Julia Meehan, managing editor, fertilisers, ICIS, has examines the impact that the pandemic has had on the fertiliser market and how this is affecting other interconnected areas such as food-supply chains
The domino effect of the coronavirus, as it has spread across the globe, has so far had a limited impact on the fertiliser industry. However, the full effects of the global pandemic are starting to show in some sectors owing to cashflow problems caused by decomposing crops, such as fruit and vegetables.
China, having been the epicentre of the pandemic, is starting to get back to normal and production rates have increased for all fertilisers. The nation is the largest fertiliser consumer in the world, on average consuming close to 50mn tones per year.
When lockdown began in China, the impact was huge in terms of cuts in production owing to a shortage of labour. Problems with transportation, by both rail, road and sea, also had a big impact up and down the fertiliser chain resulting in stock piling up.
The biggest impact for China was on phosphoric acid which is used to produce phosphate. Fertiliser facilities in Hubei province account for up to a third of the country’s total capacity. Because of this, China turned from the largest exporter of diammonium phosphate (DAP) to a net importer.
However, as China started to ease its way out of lockdown, the flow of all fertilisers has recovered very quickly and life is getting back to normal again.
Urea was less impacted in China with Hubei province only accounting for around three per cent over China’s total capacity.
As the pandemic spread across nations, many countries started to feel the full impact of the deadly virus at a time when fertiliser application was at a seasonal high, particularly for the northern hemisphere.

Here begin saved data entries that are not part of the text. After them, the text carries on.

(* Let $X$ be an AM-space such that the closed unit ball $\mathbf B(X)$ is the norm closed solid convex hull of finitely many of its elements. Then $X$ is lattice isometric to $C(K)$ for some compact Hausdorff space $K$.
   Context: An AM-space is a Banach lattice whose norm satisfies $\|x\vee y\|=\max(\|x\|,\|y\|)$ for all $x,y\ge0$. The solid convex hull of $S$ is the smallest convex set $D\supseteq S$ such that $x\in X$, $z\in D$, $|x|\le|z|$ imply $x\in D$. *)

theory Defs
  imports "HOL-Analysis.Analysis"
begin

text \<open>Real Banach lattices are modelled on a type of class
  banach + ordered_real_vector + lattice (a real vector lattice with a complete norm),
  together with the lattice-norm axiom stated by banach_lattice below.\<close>

definition labs :: "'a::{ordered_real_vector, lattice} \<Rightarrow> 'a" where
  "labs x = sup x (- x)"

definition banach_lattice :: "'a::{banach, ordered_real_vector, lattice} itself \<Rightarrow> bool" where
  "banach_lattice _ \<longleftrightarrow> (\<forall>x y :: 'a. labs x \<le> labs y \<longrightarrow> norm x \<le> norm y)"

definition AM_space :: "'a::{banach, ordered_real_vector, lattice} itself \<Rightarrow> bool" where
  "AM_space T \<longleftrightarrow> banach_lattice T \<and>
     (\<forall>x y :: 'a. 0 \<le> x \<longrightarrow> 0 \<le> y \<longrightarrow> norm (sup x y) = max (norm x) (norm y))"

definition solid :: "'a::{ordered_real_vector, lattice} set \<Rightarrow> bool" where
  "solid D \<longleftrightarrow> (\<forall>x z. z \<in> D \<longrightarrow> labs x \<le> labs z \<longrightarrow> x \<in> D)"

definition solid_convex_hull :: "'a::{real_vector, ordered_real_vector, lattice} set \<Rightarrow> 'a set" where
  "solid_convex_hull S = \<Inter> {D. S \<subseteq> D \<and> convex D \<and> solid D}"

text \<open>The space C(K) of continuous real functions on a topological space K, represented
  extensionally (functions vanishing outside the carrier), with the sup norm.\<close>
definition Cfun :: "'b topology \<Rightarrow> ('b \<Rightarrow> real) set" where
  "Cfun K = {f. continuous_map K euclideanreal f \<and> (\<forall>t. t \<notin> topspace K \<longrightarrow> f t = 0)}"

definition sup_norm :: "'b topology \<Rightarrow> ('b \<Rightarrow> real) \<Rightarrow> real" where
  "sup_norm K f = (if topspace K = {} then 0 else (SUP t\<in>topspace K. \<bar>f t\<bar>))"

definition lattice_isometry_onto_CK ::
    "('a::{real_normed_vector, ordered_real_vector, lattice} \<Rightarrow> ('b \<Rightarrow> real)) \<Rightarrow> 'b topology \<Rightarrow> bool" where
  "lattice_isometry_onto_CK \<Phi> K \<longleftrightarrow>
     bij_betw \<Phi> UNIV (Cfun K) \<and>
     (\<forall>x y. \<Phi> (x + y) = (\<lambda>t. \<Phi> x t + \<Phi> y t)) \<and>
     (\<forall>c x. \<Phi> (c *\<^sub>R x) = (\<lambda>t. c * \<Phi> x t)) \<and>
     (\<forall>x y. \<Phi> (sup x y) = (\<lambda>t. max (\<Phi> x t) (\<Phi> y t))) \<and>
     (\<forall>x. sup_norm K (\<Phi> x) = norm x)"

end

theory Submission
  imports Defs "HOL-Library.Lattice_Algebras"
begin
(* Let $H$ be a separable complex Hilbert space, $\{v_j\}_{j\in\mathbb N}$ an orthonormal basis of $H$, $\{w_j\}_{j\in\mathbb N}$ a set of unit vectors in $H$, and $N\ge1$. Let $p_N'$ be the orthogonal projection onto $H_N'=\operatorname{span}\{v_1,\dots,v_N\}$, let $\tilde{\mathcal B}_N=\{p_N'(w_1),\dots,p_N'(w_N)\}\cup\{v_j\}_{j\ge N+1}$, and let $U_N'$ be the $N\times N$ matrix with entries $\langle p_N'(w_i),p_N'(w_j)\rangle$, $1\le i,j\le N$. Assume $\{p_N'(w_1),\dots,p_N'(w_N)\}$ is a basis of $H_N'$. Then $\tilde{\mathcal B}_N$ is a Riesz basis of $H$ with optimal frame constants $$\tilde B_N=\max_{\vec c\in\mathbb C^N,\ |\vec c|\le1}\big\{\langle U_N'\vec c,\vec c\rangle+1-|\vec c|^2\big\},\qquad \tilde A_N=\min_{\vec c\in\mathbb C^N,\ |\vec c|\le1}\big\{\langle U_N'\vec c,\vec c\rangle+1-|\vec c|^2\big\}.$$ Moreover, if $\Lambda_N$ and $\lambda_N$ denote the maximum and minimum eigenvalue of $U_N'$, then $\tilde B_N=\max\{\Lambda_N,1\}$ and $\tilde A_N=\lambda_N$.
   Context: Here $|\vec c|$ is the Euclidean norm on $\mathbb C^N$. A Riesz basis is a sequence $\{u_j\}$ such that there are $0<A\le B<\infty$ with $A\|f\|^2\le\sum_j|\langle f,u_j\rangle|^2\le B\|f\|^2$ for all $f\in H$ and $A\sum|a_j|^2\le\|\sum a_ju_j\|^2\le B\sum|a_j|^2$ for all finite coefficient sequences; its optimal frame constants are the largest such $A$ and smallest such $B$. *)

theory Defs
  imports "HOL-Analysis.Infinite_Sum" "Jordan_Normal_Form.Char_Poly"
begin

text \<open>Convention: the inner product is linear in the first
  argument and conjugate-linear in the second.\<close>

class complex_vector = real_vector +
  fixes scaleC :: "complex \<Rightarrow> 'a \<Rightarrow> 'a" (infixr \<open>*\<^sub>C\<close> 75)
  assumes scaleC_add_right: "a *\<^sub>C (x + y) = a *\<^sub>C x + a *\<^sub>C y"
    and scaleC_add_left: "(a + b) *\<^sub>C x = a *\<^sub>C x + b *\<^sub>C x"
    and scaleC_scaleC: "a *\<^sub>C (b *\<^sub>C x) = (a * b) *\<^sub>C x"
    and scaleC_one: "1 *\<^sub>C x = x"
    and scaleR_scaleC: "r *\<^sub>R x = complex_of_real r *\<^sub>C x"

class complex_inner = complex_vector + real_normed_vector +
  fixes cinner :: "'a \<Rightarrow> 'a \<Rightarrow> complex"
  assumes cinner_conj_commute: "cinner x y = cnj (cinner y x)"
    and cinner_add_left: "cinner (x + y) z = cinner x z + cinner y z"
    and cinner_scaleC_left: "cinner (a *\<^sub>C x) y = a * cinner x y"
    and cinner_Re_nonneg: "0 \<le> Re (cinner x x)"
    and cinner_eq_zero_iff: "cinner x x = 0 \<longleftrightarrow> x = 0"
    and norm_eq_sqrt_cinner: "norm x = sqrt (Re (cinner x x))"

class chilbert_space = complex_inner + complete_space

definition cspan :: "'a::complex_vector set \<Rightarrow> 'a set" where
  "cspan S = {x. \<exists>F a. finite F \<and> F \<subseteq> S \<and> x = (\<Sum>s\<in>F. a s *\<^sub>C s)}"

definition orthonormal_basis :: "(nat \<Rightarrow> 'a::complex_inner) \<Rightarrow> bool" where
  "orthonormal_basis v \<longleftrightarrow>
     (\<forall>i j. cinner (v i) (v j) = (if i = j then 1 else 0)) \<and>
     closure (cspan (range v)) = UNIV"

definition orth_proj :: "'a::complex_inner set \<Rightarrow> 'a \<Rightarrow> 'a" where
  "orth_proj M x = (THE y. y \<in> M \<and> (\<forall>m\<in>M. cinner (x - y) m = 0))"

Indeed, during March, demand for all fertilisers was healthy and the value of feedstocks and nutrients held steady and in some instances firmed. There was pressure on pricing in April-May but the fertiliser sector most certainly did not experience the sharp and dramatic price falls seen in related markets such as gas, oil and petrochemicals.
In June, sentiment has turned and most fertiliser prices have increased.

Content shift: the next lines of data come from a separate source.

lemma tangent_cball_exterior_iff:
  fixes c c' :: "real^'n"
  assumes "r > 0" "R > 0" "dist c c' + r \<le> R"
  shows "tangent (dball_ball c r) (dball_exterior c' R) \<longleftrightarrow> dist c c' + r = R \<and> c \<noteq> c'"
proof -
  have "(\<exists>!x. x \<in> cball c r \<inter> - ball c' R) \<longleftrightarrow> dist c c' + r = R \<and> c \<noteq> c'"
  proof
    assume ex: "\<exists>!x. x \<in> cball c r \<inter> - ball c' R"
    then obtain x where "dist c x \<le> r" "dist c' x \<ge> R" by auto
    moreover have "dist c' x \<le> dist c' c + dist c x" by (rule dist_triangle)
    ultimately have e: "dist c c' + r = R" using assms by (simp add: dist_commute)
    have "c \<noteq> c'" using sphere_not_singleton[OF assms(1), of c] ex e by auto
    thus "dist c c' + r = R \<and> c \<noteq> c'" using e by simp
  next
    assume h: "dist c c' + r = R \<and> c \<noteq> c'"
    define \<delta> where "\<delta> = dist c c'"
    have dpos: "\<delta> > 0" using h by (simp add: \<delta>_def)
    define x0 where "x0 = c' + ((\<delta> + r) / \<delta>) *\<^sub>R (c - c')"
    have n: "norm (c - c') = \<delta>" by (simp add: \<delta>_def dist_norm)
    have "dist c' x0 = \<delta> + r" using dpos assms n
      by (simp add: x0_def dist_norm norm_minus_commute)
    moreover have "x0 - c = (r / \<delta>) *\<^sub>R (c - c')"
    proof -
      have e: "(\<delta> + r) / \<delta> - 1 = r / \<delta>" using dpos by (simp add: field_simps)
      have "x0 - c = ((\<delta> + r) / \<delta> - 1) *\<^sub>R (c - c')" by (simp add: x0_def algebra_simps)
      thus ?thesis unfolding e .
    qed
    hence "norm (x0 - c) = r" using dpos assms n by simp
    hence "dist c x0 = r" by (simp add: dist_norm norm_minus_commute)
    ultimately have x0: "x0 \<in> cball c r \<inter> - ball c' R" using h by (simp add: \<delta>_def)
    show "\<exists>!x. x \<in> cball c r \<inter> - ball c' R"
    proof (rule ex1I[where a=x0])
      show "x0 \<in> cball c r \<inter> - ball c' R" by (rule x0)
    next
      fix x assume "x \<in> cball c r \<inter> - ball c' R"
      hence a1: "dist c x \<le> r" "dist c' x \<ge> \<delta> + r" using h by (auto simp: \<delta>_def)
      have "c = c' + (\<delta> / (\<delta> + r)) *\<^sub>R (x - c')"
      proof (rule dist_sum_eq_imp_between)
        show "dist c' c \<le> \<delta>" by (simp add: \<delta>_def dist_commute)
        show "dist c x \<le> r" by (rule a1(1))
        show "\<delta> + r \<le> dist c' x" by (rule a1(2))
        show "0 < \<delta> + r" using dpos assms by simp
      qed
      hence "(\<delta> + r) *\<^sub>R (c - c') = \<delta> *\<^sub>R (x - c')" using dpos assms by simp
      hence "x - c' = ((\<delta> + r) / \<delta>) *\<^sub>R (c - c')" using dpos
        by (metis (no_types, lifting) divide_inverse_commute dpos less_irrefl scaleR_one
             scaleR_scaleR inverse_eq_divide left_inverse)
      thus "x = x0" by (simp add: x0_def algebra_simps)
    qed
  qed
  thus ?thesis by (simp add: tangent_Some_None)
qed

As the virus took hold as it moved across the global, agricultural and industrial sectors learned lessons from China and many were given government support. The transportation of fertilisers across European boarders continued but with strict measures in place to protect truck drivers and the workforce.
There appears to have been be no serious demand destruction across the fertiliser sector since the first case of the virus outside China was confirmed on 13 January 2020. For many producers, cooperatives, wholesalers and farmers it has been business as usual.
Currency fluctuations, political unrest and huge levels of unemployment in both developed and developing nations will inevitably have an impact in the months and years ahead.
Regardless of all of these factors, the world still needs feeding. And considering that up to 50 per cent of the food we eat would not be available without fertilisers, this is an industry that will remain robust and continue to be deemed essential.